> **WORK ORDER**
Scan the listing beneath this sentence. Report each line with the word "Frobenius".

> **EXTRACTED RECORDS**
=== Begin Enclosure ===

(* Let $n\ge 2$, let $X$ be a real $n\times n$ matrix with $\|X\|=1$, and define the linear map $T:\mathfrak{gl}(n,\mathbb R)\to\mathfrak{gl}(n,\mathbb R)$ by $T(Y)=[X^T,[X,Y]]$. Let $\alpha$ be the maximum eigenvalue of $T$. Then the multiplicity of the eigenvalue $\alpha$ is at least $2$.
   Context: $\mathfrak{gl}(n,\mathbb R)$ is the space of real $n\times n$ matrices with the Frobenius inner product $\langle Y_1,Y_2\rangle=\sum_{i,j}(Y_1)_{ij}(Y_2)_{ij}$, with respect to which $T$ is symmetric (so its eigenvalues are real). $[A,B]=AB-BA$, $X^T$ is the transpose, and $\|X\|^2=\sum_{i,j}x_{ij}^2$. *)

theory Defs
  imports "HOL-Analysis.Analysis"
begin

text \<open>Matrices in gl(n,R) are represented as real^'n^'n; the inner product on this type
is the Frobenius inner product and norm is the Frobenius norm.\<close>

definition commutator :: "real^'n^'n \<Rightarrow> real^'n^'n \<Rightarrow> real^'n^'n" where
  "commutator A B = A ** B - B ** A"

definition Top :: "real^'n^'n \<Rightarrow> real^'n^'n \<Rightarrow> real^'n^'n" where
  "Top X Y = commutator (transpose X) (commutator X Y)"

definition is_eigenvalue :: "('a::real_vector \<Rightarrow> 'a) \<Rightarrow> real \<Rightarrow> bool" where
  "is_eigenvalue T \<mu> \<longleftrightarrow> (\<exists>v. v \<noteq> 0 \<and> T v = \<mu> *\<^sub>R v)"

definition eigenspace :: "('a::real_vector \<Rightarrow> 'a) \<Rightarrow> real \<Rightarrow> 'a set" where
  "eigenspace T \<mu> = {v. T v = \<mu> *\<^sub>R v}"

end

theory Submission
  imports Defs
begin

text \<open>Write \<open>J Y = [X, Y]\<^sup>T\<close>. Then \<open>J (J Y) = - T Y\<close> and \<open>J Y\<close> is orthogonal to \<open>Y\<close>,
  so \<open>J\<close> maps an eigenvector of a nonzero eigenvalue \<open>\<alpha>\<close> of \<open>T\<close> to a second eigenvector
  for \<open>\<alpha>\<close> orthogonal to the first. The kernel of \<open>T\<close> contains \<open>I\<close> and \<open>X\<close>, and is all
  of \<open>gl(n)\<close> when \<open>X\<close> is scalar. Hence every eigenvalue of \<open>T\<close> has multiplicity at least 2.\<close>

lemma two_le_dim_of_not_in_span:
  fixes S :: "'a::euclidean_space set"
  assumes "u \<in> S" "v \<in> S" "u \<noteq> 0" "v \<notin> span {u}"
  shows "2 \<le> dim S"
proof -
  have "independent {u}"
    using assms(3) by simp
  then have "independent {v, u}"
    using assms(4) by (simp add: independent_insert)
  moreover have "card {v, u} = 2"
    using assms(4) span_base[of u "{u}"] by (cases "v = u") auto
  ultimately show ?thesis
    using independent_card_le_dim[of "{v, u}" S] assms(1,2) by simp
qed

lemma two_le_dim_eigenspace_of_skew_square_root:
  fixes T J :: "'a::euclidean_space \<Rightarrow> 'a"
  assumes J_scaleR: "\<And>c v. J (c *\<^sub>R v) = c *\<^sub>R J v"
    and J_square: "\<And>v. J (J v) = - T v"
    and J_skew: "\<And>v. J v \<bullet> v = 0"
    and "is_eigenvalue T \<mu>" "\<mu> \<noteq> 0"
  shows "2 \<le> dim (eigenspace T \<mu>)"
proof -
  obtain v where v: "v \<noteq> 0" "T v = \<mu> *\<^sub>R v"
    using assms(4) unfolding is_eigenvalue_def by blast
  have JJv: "J (J v) = - \<mu> *\<^sub>R v"
    using J_square v(2) by simp
  have "T (J v) = - J (J (J v))"
    using J_square[of "J v"] by simp
  also have "\<dots> = \<mu> *\<^sub>R J v"
    using J_scaleR[of "- \<mu>" v] by (simp add: JJv)
  finally have TJv: "T (J v) = \<mu> *\<^sub>R J v" .
  have Jv_nonzero: "J v \<noteq> 0"
  proof
    assume "J v = 0"
    then have "- \<mu> *\<^sub>R v = 0"
      using JJv J_scaleR[of 0 0] by simp
    with v(1) \<open>\<mu> \<noteq> 0\<close> show False by simp
  qed
  have "v \<notin> span {J v}"
  proof
    assume "v \<in> span {J v}"
    then obtain c where "v = c *\<^sub>R J v"
      by (auto simp: span_singleton)
    then have "v \<bullet> v = c * (J v \<bullet> v)"
      by (metis inner_scaleR_left)
    with J_skew v(1) show False by simp
  qed
  with v(2) TJv Jv_nonzero show ?thesis
    by (intro two_le_dim_of_not_in_span[of "J v" _ v]) (auto simp: eigenspace_def)
qed

lemma transpose_diff:
  "transpose (A - B) = transpose A - (transpose B :: 'a::ab_group_add^'n^'m)"
  by (simp add: transpose_def vec_eq_iff)

lemma matrix_diff_ldistrib:
  "(A :: 'a::ring_1^'n^'m) ** (B - C) = A ** B - A ** C"
  by (simp add: matrix_matrix_mult_def vec_eq_iff sum_subtractf right_diff_distrib)

lemma matrix_diff_rdistrib:
  "((A :: 'a::ring_1^'n^'m) - B) ** C = A ** C - B ** C"
  by (simp add: matrix_matrix_mult_def vec_eq_iff sum_subtractf left_diff_distrib)

lemma transpose_inner_eq_trace: "transpose (A :: real^'n^'n) \<bullet> B = trace (A ** B)"
  unfolding inner_vec_def trace_def matrix_matrix_mult_def transpose_def
  by simp (rule sum.swap)

definition transposed_commutator :: "real^'n^'n \<Rightarrow> real^'n^'n \<Rightarrow> real^'n^'n" where
  "transposed_commutator X Y = transpose (commutator X Y)"

lemma transposed_commutator_scaleR:
  "transposed_commutator X (c *\<^sub>R Y) = c *\<^sub>R transposed_commutator X Y"
  by (simp add: transposed_commutator_def commutator_def matrix_scalar_ac transpose_scalar
      flip: scalar_matrix_assoc scaleR_diff_right)

lemma transposed_commutator_twice:
  "transposed_commutator X (transposed_commutator X Y) = - Top X Y"
  by (simp add: transposed_commutator_def Top_def commutator_def transpose_diff
      matrix_transpose_mul matrix_diff_ldistrib matrix_diff_rdistrib)

lemma inner_transposed_commutator_self: "transposed_commutator X Y \<bullet> Y = 0"
  using trace_mul_sym[of "X ** Y" Y]
  by (simp add: transposed_commutator_def transpose_inner_eq_trace commutator_def
      matrix_diff_rdistrib trace_sub matrix_mul_assoc)

lemma Top_mat_1: "Top X (mat 1) = 0"
  by (simp add: Top_def commutator_def)

lemma Top_self: "Top X X = 0"
  by (simp add: Top_def commutator_def)

lemma Top_scalar_matrix: "Top (c *\<^sub>R mat 1) Y = 0"
  by (simp add: Top_def commutator_def matrix_scalar_ac flip: scalar_matrix_assoc)

lemma mat_1_nonzero: "(mat 1 :: 'a::zero_neq_one^'n^'n) \<noteq> 0"
proof
  fix i :: 'n
  assume "(mat 1 :: 'a^'n^'n) = 0"
  then have "(mat 1 :: 'a^'n^'n) $ i $ i = 0"
    by simp
  then show False
    by (simp add: mat_def)
qed

lemma two_le_dim_kernel_Top:
  fixes X :: "real^'n^'n"
  assumes "CARD('n) \<ge> 2"
  shows "2 \<le> dim (eigenspace (Top X) 0)"
proof (cases "X \<in> span {mat 1}")
  case True
  then obtain c where "X = c *\<^sub>R mat 1"
    unfolding span_singleton by blast
  then have "eigenspace (Top X) 0 = UNIV"
    by (simp add: eigenspace_def Top_scalar_matrix)
  moreover have "2 * 2 \<le> CARD('n) * CARD('n)"
    using mult_le_mono[OF assms assms] .
  ultimately show ?thesis
    by simp
next
  case False
  have "mat 1 \<in> eigenspace (Top X) 0" "X \<in> eigenspace (Top X) 0"
    by (simp_all add: eigenspace_def Top_mat_1 Top_self)
  with False show ?thesis
    using mat_1_nonzero two_le_dim_of_not_in_span[of "mat 1" _ X] by simp
qed

theorem mainTheorem6:
  fixes X :: "real^'n^'n" and \<alpha> :: real
  assumes "CARD('n) \<ge> 2"
    and "norm X = 1"
    and "is_eigenvalue (Top X) \<alpha>"
    and "\<forall>\<mu>. is_eigenvalue (Top X) \<mu> \<longrightarrow> \<mu> \<le> \<alpha>"
  shows "dim (eigenspace (Top X) \<alpha>) \<ge> 2"
proof (cases "\<alpha> = 0")
  case True
  then show ?thesis
    using two_le_dim_kernel_Top[OF assms(1)] by simp
next
  case False
  show ?thesis
    by (rule two_le_dim_eigenspace_of_skew_square_root[of "transposed_commutator X"])
      (use False assms(3) in \<open>simp_all add: transposed_commutator_scaleR
        transposed_commutator_twice inner_transposed_commutator_self\<close>)
qed

end
lemma is_norm_ge_norm:
  fixes \<phi> :: "'a::euclidean_space \<Rightarrow> real"
  assumes "is_norm \<phi>"
  obtains c where "c > 0" and "\<And>x. c * norm x \<le> \<phi> x"
proof -
  obtain p where p: "p \<in> sphere (0::'a) 1" "\<And>y. y \<in> sphere 0 1 \<Longrightarrow> \<phi> p \<le> \<phi> y"
    using continuous_attains_inf[OF compact_sphere[of 0 1] _
        continuous_on_subset[OF continuous_on_is_norm[OF assms]]]
    by auto
  have "p \<noteq> 0" using p(1) by auto
  then have "\<phi> p > 0" using is_norm_eq_0[OF assms, of p] is_norm_nonneg[OF assms, of p] by linarith
  moreover have "\<phi> p * norm x \<le> \<phi> x" for x
  proof (cases "x = 0")
    case True
    then show ?thesis by (simp add: is_norm_nonneg[OF assms])
  next
    case False
    have "\<phi> p \<le> \<phi> (inverse (norm x) *\<^sub>R x)" using p(2) False by simp
    also have "\<dots> = \<phi> x / norm x"
      using is_norm_scaleR[OF assms] by (simp add: divide_inverse mult.commute)
    finally show ?thesis using False by (simp add: field_simps)
  qed
  ultimately show thesis using that by blast
qed
lemma rough_primes_atMost_subset: "rough {p. prime p \<and> p \<le> P} \<subseteq> insert 1 {P<..}"
proof
  fix n assume n: "n \<in> rough {p. prime p \<and> p \<le> P}"
  show "n \<in> insert 1 {P<..}"
  proof (rule ccontr)
    assume "n \<notin> insert 1 {P<..}"
    hence "n \<noteq> 1" "n \<le> P" by auto
    then obtain q where q: "prime q" "q dvd n" using prime_factor_nat[of n] by blast
    moreover have "q \<le> n" using q n by (intro dvd_imp_le) (auto simp: rough_def)
    ultimately show False using n \<open>n \<le> P\<close> by (auto simp: rough_def)
  qed
qed

lemma euler_partial_product_bounds:
  assumes k: "k \<ge> 2" and P: "P \<ge> 1"
  defines "c \<equiv> (\<Prod>p\<in>{p. prime p \<and> p \<le> P}. 1 - 1 / real p ^ k)"
  shows "1 \<le> c * zeta_real (real k)" "c * zeta_real (real k) \<le> 1 + 1 / real P"
proof -
  note summable = zeta_term_summable_on[OF k]
  have eq: "infsum (zeta_term k) (rough {p. prime p \<and> p \<le> P}) = c * zeta_real (real k)"
    unfolding c_def zeta_real_eq_infsum[OF k] by (rule infsum_zeta_term_rough[OF k]) auto
  have "infsum (zeta_term k) {1} \<le> infsum (zeta_term k) (rough {p. prime p \<and> p \<le> P})"
    by (rule infsum_mono2[OF summable summable]) (auto simp: rough_def zeta_term_nonneg)
  thus "1 \<le> c * zeta_real (real k)" using eq by (simp add: zeta_term_def)
  have "infsum (zeta_term k) (rough {p. prime p \<and> p \<le> P}) \<le> infsum (zeta_term k) (insert 1 {P<..})"
    by (rule infsum_mono2[OF summable summable rough_primes_atMost_subset]) (simp add: zeta_term_nonneg)
  also have "\<dots> = 1 + infsum (zeta_term k) {P<..}"
    using P by (subst infsum_insert[OF summable]) (auto simp: zeta_term_def)
  also have "\<dots> \<le> 1 + 1 / real P" using infsum_zeta_term_tail_le[OF k P] by simp
  finally show "c * zeta_real (real k) \<le> 1 + 1 / real P" using eq by simp
qed

section \<open>Sieving out \<open>k\<close>-th powers of small primes\<close>

lemma prime_powers_dvd_iff_prod_dvd:
  fixes n k :: nat
  assumes "finite X" "\<forall>p\<in>X. prime p"
  shows "(\<forall>p\<in>X. p ^ k dvd n) \<longleftrightarrow> (\<Prod>p\<in>X. p ^ k) dvd n"
  using assms
proof (induction X rule: finite_induct)
  case empty thus ?case by simp
next
  case (insert p X)
  have IH: "(\<forall>p\<in>X. p ^ k dvd n) \<longleftrightarrow> (\<Prod>p\<in>X. p ^ k) dvd n" using insert by simp
  have cop: "coprime (p ^ k) (\<Prod>q\<in>X. q ^ k)"
  proof (rule prod_coprime_right)
    fix q assume q: "q \<in> X"
    have "p \<noteq> q" using q insert(2) by auto
    hence "coprime p q" using insert(4) q by (intro primes_coprime) auto
    thus "coprime (p ^ k) (q ^ k)" by simp
  qed
  have "(\<forall>p'\<in>insert p X. p' ^ k dvd n) \<longleftrightarrow> p ^ k dvd n \<and> (\<Prod>p\<in>X. p ^ k) dvd n" using IH by simp
  also have "\<dots> \<longleftrightarrow> p ^ k * (\<Prod>q\<in>X. q ^ k) dvd n"
  proof
    assume "p ^ k dvd n \<and> (\<Prod>p\<in>X. p ^ k) dvd n"
    thus "p ^ k * (\<Prod>q\<in>X. q ^ k) dvd n" using cop by (intro divides_mult) auto
  next
    assume h: "p ^ k * (\<Prod>q\<in>X. q ^ k) dvd n"
    have "p ^ k dvd n" using h dvd_mult_left by blast
    moreover have "(\<Prod>q\<in>X. q ^ k) dvd n" using h dvd_mult_right by blast
    ultimately show "p ^ k dvd n \<and> (\<Prod>p\<in>X. p ^ k) dvd n" by simp
  qed
  also have "p ^ k * (\<Prod>q\<in>X. q ^ k) = (\<Prod>q\<in>insert p X. q ^ k)" using insert by simp
  finally show ?case .
qed

lemma prod_of_bool_prime_powers_dvd:
  fixes n k :: nat
  assumes "finite X" "\<forall>p\<in>X. prime p"
  shows "(\<Prod>p\<in>X. of_bool (p ^ k dvd n) :: real) = of_bool ((\<Prod>p\<in>X. p ^ k) dvd n)"
proof -
  have "(\<Prod>p\<in>X. of_bool (p ^ k dvd n) :: real) = of_bool (\<forall>p\<in>X. p ^ k dvd n)"
    using assms(1) by (induction X rule: finite_induct) auto
  thus ?thesis using prime_powers_dvd_iff_prod_dvd[OF assms] by simp
qed

lemma of_bool_not_dvd_prime_powers_expand:
  fixes n k :: nat
  assumes "finite S" "\<forall>p\<in>S. prime p"
  shows "(of_bool (\<forall>p\<in>S. \<not> p ^ k dvd n) :: real)
    = (\<Sum>X\<in>Pow S. (-1) ^ card X * of_bool ((\<Prod>p\<in>X. p ^ k) dvd n))"
proof -
  have "(of_bool (\<forall>p\<in>S. \<not> p ^ k dvd n) :: real) = (\<Prod>p\<in>S. 1 - of_bool (p ^ k dvd n))"
    using assms(1) by (induction S rule: finite_induct) auto
  also have "\<dots> = (\<Sum>X\<in>Pow S. (-1) ^ card X * (\<Prod>p\<in>X. of_bool (p ^ k dvd n)) * (\<Prod>p\<in>S - X. 1))"
    by (rule prod_diff_conv_sum[OF assms(1)])
  also have "\<dots> = (\<Sum>X\<in>Pow S. (-1) ^ card X * of_bool ((\<Prod>p\<in>X. p ^ k) dvd n))"
  proof (rule sum.cong[OF refl])
    fix X assume "X \<in> Pow S"
    hence "finite X" "\<forall>p\<in>X. prime p" using assms by (auto intro: finite_subset)
    thus "(-1) ^ card X * (\<Prod>p\<in>X. of_bool (p ^ k dvd n)) * (\<Prod>p\<in>S - X. 1)
        = (-1) ^ card X * (of_bool ((\<Prod>p\<in>X. p ^ k) dvd n) :: real)"
      by (simp add: prod_of_bool_prime_powers_dvd)
  qed
  finally show ?thesis .
qed

lemma prod_one_minus_inverse_powers_expand:
  fixes x :: real and k :: nat and S :: "nat set"
  assumes "finite S"
  shows "x * (\<Prod>p\<in>S. 1 - 1 / real p ^ k)
    = (\<Sum>X\<in>Pow S. (-1) ^ card X * (x / real (\<Prod>p\<in>X. p ^ k)))"
proof -
  have "(\<Prod>p\<in>S. 1 - 1 / real p ^ k)
      = (\<Sum>X\<in>Pow S. (-1) ^ card X * (\<Prod>p\<in>X. 1 / real p ^ k) * (\<Prod>p\<in>S - X. 1))"
    by (rule prod_diff_conv_sum[OF assms])
  also have "\<dots> = (\<Sum>X\<in>Pow S. (-1) ^ card X / real (\<Prod>p\<in>X. p ^ k))"
    by (simp add: prod_dividef)
  finally show ?thesis by (simp add: sum_distrib_left field_simps)
qed
definition bb_half :: "('p \<Rightarrow> 'a st_lab \<Rightarrow> 'p \<Rightarrow> bool) \<Rightarrow> ('q \<Rightarrow> 'a st_lab \<Rightarrow> 'q \<Rightarrow> bool)
    \<Rightarrow> ('p \<Rightarrow> 'q \<Rightarrow> bool) \<Rightarrow> bool" where
  "bb_half st1 st2 B \<longleftrightarrow>
    (\<forall>p q \<alpha> p'. B p q \<and> st1 p \<alpha> p' \<longrightarrow>
       (\<exists>q1 q'. (\<lambda>x y. st2 x Tau y)\<^sup>*\<^sup>* q q1 \<and> B p q1 \<and> B p' q' \<and>
                 (st2 q1 \<alpha> q' \<or> (\<alpha> = Tau \<and> q' = q1)))) \<and>
    (\<forall>p q ps. B p q \<and> ps 0 = p \<and> (\<forall>i. st1 (ps i) Tau (ps (Suc i)) \<and> B (ps i) q) \<longrightarrow>
       (\<exists>qs. qs 0 = q \<and> (\<forall>i. st2 (qs i) Tau (qs (Suc i))) \<and> (\<forall>i j. B (ps i) (qs j))))"

definition bbisim_div :: "('p \<Rightarrow> 'a st_lab \<Rightarrow> 'p \<Rightarrow> bool) \<Rightarrow> ('q \<Rightarrow> 'a st_lab \<Rightarrow> 'q \<Rightarrow> bool)
    \<Rightarrow> ('p \<Rightarrow> 'q \<Rightarrow> bool) \<Rightarrow> bool" where
  "bbisim_div st1 st2 B \<longleftrightarrow> bb_half st1 st2 B \<and> bb_half st2 st1 (conversep B)"

definition bSTb_div_equiv :: "('s, 't, 'a) pnet \<Rightarrow> ('s2, 't2, 'a) pnet \<Rightarrow> bool" where
  "bSTb_div_equiv N N' \<longleftrightarrow>
     (\<exists>B. B (init_m N, []) (init_m N', []) \<and> bbisim_div (st_step N) (st_step N') B)"

end

theory Submission
  imports Defs
begin

text \<open>An ST-marking \<open>(M, U)\<close> of \<open>N\<close> is related to \<open>(M', U')\<close> of \<open>N'\<close> when the
  started transitions correspond label by label and
  \<open>M = M' + \<^sup>\<bullet>U' + (M\<^sub>0 - M'\<^sub>0) + [[H]] - \<^sup>\<bullet>U\<close> for a finite label-neutral
  compensation \<open>H\<close>. A tau-step of \<open>N\<close> only changes \<open>H\<close>, and finishing a transition changes
  it by the multiset \<open>G\<close> of hypothesis (3). Starting a visible transition \<open>t\<close> is possible
  in \<open>N'\<close> because the preset of its counterpart \<open>t'\<close> is bounded by the faithful origins of
  \<open>t\<close>, and conditions (5)(c)--(g) show that these tokens are present in \<open>M'\<close>. Conversely,
  before a visible step of \<open>N'\<close>, \<open>N\<close> fires tau-transitions realising the maximal
  compensation \<open>H\<^sub>M\<^sub>',\<^sub>U\<close> of (5), first undoing the negative part of \<open>H\<close>
  within \<open>Tm\<close> and then firing the rest within \<open>Tp\<close>, both possible by acyclicity;
  afterwards (5)(b) provides the action. Divergence of \<open>N\<close> is impossible because the
  normal forms (4) of the compensations along a tau-run grow in \<open>f\<close>-weight but stay below
  \<open>H\<^sub>M\<^sub>',\<^sub>U\<close>, and the plain net \<open>N'\<close> has no tau-steps at all.\<close>

definition wsum :: "('t \<Rightarrow> int) \<Rightarrow> ('t \<Rightarrow> int) \<Rightarrow> int" where
  "wsum c G = (\<Sum>t\<in>supp G. G t * c t)"

lemma wsum_eq_sum_superset: "finite A \<Longrightarrow> supp G \<subseteq> A \<Longrightarrow> wsum c G = (\<Sum>t\<in>A. G t * c t)"
  unfolding wsum_def by (rule sum.mono_neutral_left) (auto simp: supp_def)

lemma supp_add_subset: "supp (\<lambda>x. G x + K x) \<subseteq> supp G \<union> supp K"
  and supp_diff_subset: "supp (\<lambda>x. G x - K x) \<subseteq> supp G \<union> supp K"
  by (auto simp: supp_def)

lemma fin_add: "fin G \<Longrightarrow> fin K \<Longrightarrow> fin (\<lambda>x. G x + K x)"
  unfolding fin_def by (rule finite_subset[OF supp_add_subset]) simp

lemma fin_diff: "fin G \<Longrightarrow> fin K \<Longrightarrow> fin (\<lambda>x. G x - K x)"
  unfolding fin_def by (rule finite_subset[OF supp_diff_subset]) simp

lemma supp_one [simp]: "supp (one t) = {t}"
  by (auto simp: supp_def one_def)

lemma supp_zero [simp]: "supp (\<lambda>x. 0) = {}"
  by (simp add: supp_def)

lemma fin_one [simp]: "fin (one t)"
  and fin_zero [simp]: "fin (\<lambda>x. 0)"
  by (simp_all add: fin_def)

lemma fin_subset: "fin G \<Longrightarrow> supp K \<subseteq> supp G \<Longrightarrow> fin K"
  unfolding fin_def by (rule finite_subset)

lemma wsum_add: "fin G \<Longrightarrow> fin K \<Longrightarrow> wsum c (\<lambda>x. G x + K x) = wsum c G + wsum c K"
  unfolding fin_def
  using wsum_eq_sum_superset[of "supp G \<union> supp K" _ c] supp_add_subset[of G K]
  by (simp add: distrib_right sum.distrib)

lemma wsum_diff: "fin G \<Longrightarrow> fin K \<Longrightarrow> wsum c (\<lambda>x. G x - K x) = wsum c G - wsum c K"
  unfolding fin_def
  using wsum_eq_sum_superset[of "supp G \<union> supp K" _ c] supp_diff_subset[of G K]
  by (simp add: left_diff_distrib sum_subtractf)

lemma wsum_one [simp]: "wsum c (one t) = c t"
  and wsum_zero [simp]: "wsum c (\<lambda>x. 0) = 0"
  by (simp_all add: wsum_def) (simp add: one_def)

lemma wsum_mono:
  assumes "fin G" "fin K" "\<And>x. G x \<le> K x" "\<And>x. 0 \<le> c x"
  shows "wsum c G \<le> wsum c K"
proof -
  have A: "finite (supp G \<union> supp K)" using assms(1,2) by (simp add: fin_def)
  then have "wsum c G = (\<Sum>t\<in>supp G \<union> supp K. G t * c t)" by (rule wsum_eq_sum_superset) auto
  also have "\<dots> \<le> (\<Sum>t\<in>supp G \<union> supp K. K t * c t)"
    by (rule sum_mono) (simp add: assms(3,4) mult_right_mono)
  also have "\<dots> = wsum c K" using A by (rule wsum_eq_sum_superset[symmetric]) auto
  finally show ?thesis .
qed

lemma pre_ms_wsum: "pre_ms N G s = wsum (\<lambda>t. int (pre N t s)) G"
  and post_ms_wsum: "post_ms N G s = wsum (\<lambda>t. int (post N t s)) G"
  and eff_wsum: "eff N G s = wsum (\<lambda>t. int (post N t s) - int (pre N t s)) G"
  by (simp_all add: pre_ms_def post_ms_def eff_def wsum_def sum_subtractf right_diff_distrib)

=== End Enclosure ===

> **ANSWER SPACE**
   Context: $\mathfrak{gl}(n,\mathbb R)$ is the space of real $n\times n$ matrices with the Frobenius inner product $\langle Y_1,Y_2\rangle=\sum_{i,j}(Y_1)_{ij}(Y_2)_{ij}$, with respect to which $T$ is symmetric (so its eigenvalues are real). $[A,B]=AB-BA$, $X^T$ is the transpose, and $\|X\|^2=\sum_{i,j}x_{ij}^2$. *)
is the Frobenius inner product and norm is the Frobenius norm.\<close>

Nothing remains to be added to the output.